En cualquier caso, desde el Concilio Vaticano II, queda clara la necesidad del diálogo interreligioso, como recoge oportunamente el Catecismo de la Iglesia Católica, 841, a propósito de las relaciones de la Iglesia con los musulmanes, con referencia a dos textos conciliares, Lumen Gentium 16 y Nostra aetate 3: “El designio de salvación comprende también a los que reconocen al Creador. Entre ellos están, ante todo, los musulmanes, que profesan tener la fe de Abraham y adoran con nosotros al Dios único y misericordioso que juzgará a los hombres al fin del mundo”.

Benedicto XVI tuvo muy presentes esos principios al elaborar la Exhortación Apostólica post-sinodal "Ecclesia en Oriente Medio", a partir de las 44 proposiciones finales del Sínodo especial para esa región, celebrado en Roma del 10 al 26 octubre de 2010. La hizo pública en el Líbano en 2012. Recordaba los lazos históricos y espirituales que los cristianos tienen con judíos y musulmanes, y reiteraba que el diálogo interreligioso no nace de consideraciones pragmáticas de orden político o social, sino que se basa principalmente en los fundamentos teológicos de la fe: judíos, cristianos y musulmanes creen en un solo Dios, por lo que pueden reconocer "en el otro creyente", un hermano al que amar y respetar, evitando instrumentalizar la religión en conflictos "injustificables para un verdadero creyente."

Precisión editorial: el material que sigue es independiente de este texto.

lemma affine_h_is_cone:
  assumes affine: "\<forall>t\<in>{-a..b}. h t = C * t + D" and "h (-a) = 0"
  shows "\<alpha> = a" "\<And>t. t \<in> {-a..b} \<Longrightarrow> f t = f_cone t"
proof -
  have h_eq: "h t = C * (t + a)" if "t \<in> {-a..b}" for t
    using affine \<open>h (-a) = 0\<close> a b that by (auto simp: algebra_simps)
  have "h 0 = C * a"
    using h_eq[of 0] a b by simp
  then have "0 < C"
    using h0_pos a by (simp add: zero_less_mult_iff)
  have f_eq: "f t = C ^ (n - 1) * (t + a) ^ (n - 1)" if "t \<in> {-a..b}" for t
    using f_eq_h_power[OF that] h_eq[OF that] by (simp add: power_mult_distrib)
  have "((\<lambda>t. C ^ (n - 1) * (t + a) ^ (n - 1)) has_integral C ^ (n - 1) * (a ^ n / n)) {-a..0}"
    using has_integral_mult_right[OF has_integral_shifted_power[of "-a" 0 a "n - 1"]] a n_pos
    by (simp add: power_0_left)
  then have "V = C ^ (n - 1) * (a ^ n / n)"
    unfolding V_def using f_eq b by (intro integral_unique) (auto intro: has_integral_eq)
  then show "\<alpha> = a"
    using \<open>h 0 = C * a\<close> \<open>0 < C\<close> a n_pos
    by (simp add: \<alpha>_def power_mult_distrib power_n_eq[of a])
  then have "\<kappa> = C"
    using \<open>h 0 = C * a\<close> a by (simp add: \<kappa>_def)
  then show "f t = f_cone t" if "t \<in> {-a..b}" for t
    using f_eq[OF that] \<open>\<alpha> = a\<close> by (simp add: f_cone_def h_cone_def power_mult_distrib)
qed

lemma \<beta>_eq_b_if_f_eq_f_cone:
  assumes "\<And>t. t \<in> {0..b} \<Longrightarrow> f t = f_cone t"
  shows "\<beta> = b"
proof -
  have "W = \<kappa> ^ (n - 1) * (((b + \<alpha>) ^ n - (0 + \<alpha>) ^ n) / n)"
    unfolding W_def using assms b
    by (intro integral_unique has_integral_eq[OF _ f_cone_has_integral]) auto
  moreover have "W = \<kappa> ^ (n - 1) * (((\<beta> + \<alpha>) ^ n - (0 + \<alpha>) ^ n) / n)"
    using integral_unique[OF f_cone_has_integral_W] integral_unique[OF f_cone_has_integral] \<beta>_pos
    by simp
  ultimately have "(b + \<alpha>) ^ n = (\<beta> + \<alpha>) ^ n"
    using \<kappa>_pos n_pos by simp
  then show ?thesis
    using power_eq_imp_eq_base[of "b + \<alpha>" n "\<beta> + \<alpha>"] \<alpha>_pos \<beta>_pos b n_pos by simp
qed

lemma cone_moment_eq_0_iff_affine:
  "integral {-\<alpha>..\<beta>} (\<lambda>t. t * f_cone t) = 0 \<longleftrightarrow>
     (\<exists>C D. \<forall>t\<in>{-a..b}. h t = C * t + D) \<and> h (-a) = 0"
proof
  assume "integral {-\<alpha>..\<beta>} (\<lambda>t. t * f_cone t) = 0"
  then have "\<alpha> = a" and h_cone: "\<forall>t\<in>{-a..b}. h t = h_cone t"
    using cone_moment_eq_0_iff h_eq_h_cone_if_f_eq_f_cone by auto
  then have "\<forall>t\<in>{-a..b}. h t = \<kappa> * t + \<kappa> * a" "h (-a) = 0"
    using a b by (simp_all add: h_cone_def algebra_simps)
  then show "(\<exists>C D. \<forall>t\<in>{-a..b}. h t = C * t + D) \<and> h (-a) = 0"
    by blast
next
  assume "(\<exists>C D. \<forall>t\<in>{-a..b}. h t = C * t + D) \<and> h (-a) = 0"
  then obtain C D where "\<forall>t\<in>{-a..b}. h t = C * t + D" "h (-a) = 0"
    by blast
  then have "\<alpha> = a" and f_cone: "\<And>t. t \<in> {-a..b} \<Longrightarrow> f t = f_cone t"
    using affine_h_is_cone by blast+
  moreover have "\<beta> = b"
    using f_cone a by (intro \<beta>_eq_b_if_f_eq_f_cone) auto
  ultimately show "integral {-\<alpha>..\<beta>} (\<lambda>t. t * f_cone t) = 0"
    using cone_moment_eq_0_iff by blast
qed

end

En cuanto a los musulmanes, el Papa manifestaba expresamente su "estima"; pero lamentaba que las diferencias doctrinales hubieran servido de pretexto para justificar, en el nombre de la religión, prácticas de intolerancia, discriminación, marginación y persecución. Se acaba aplicando el fundamentalismo para hacerse con el poder político, no sin violencia contra la libertad de la religión y de las conciencias. Por esto, el Papa urgía a los líderes religiosos de la región a empeñarse, con su ejemplo y su enseñanza, en erradicar esa amenaza mortal que afecta por igual a los creyentes de todas las religiones.

Tal vez, en las actuales circunstancias, el diálogo resulte imposible, como afirmó en su día tajantemente Oriana Fallaci, pero para los cristianos, desde el Vaticano II, se impone comoobligatorio. Benedicto XVI lo subrayó con especial fuerza, pero sin dejar de mencionar el daño histórico para los musulmanes derivado de su fideísmo, de la separación de fe y razón que conduce inevitablemente a la violencia.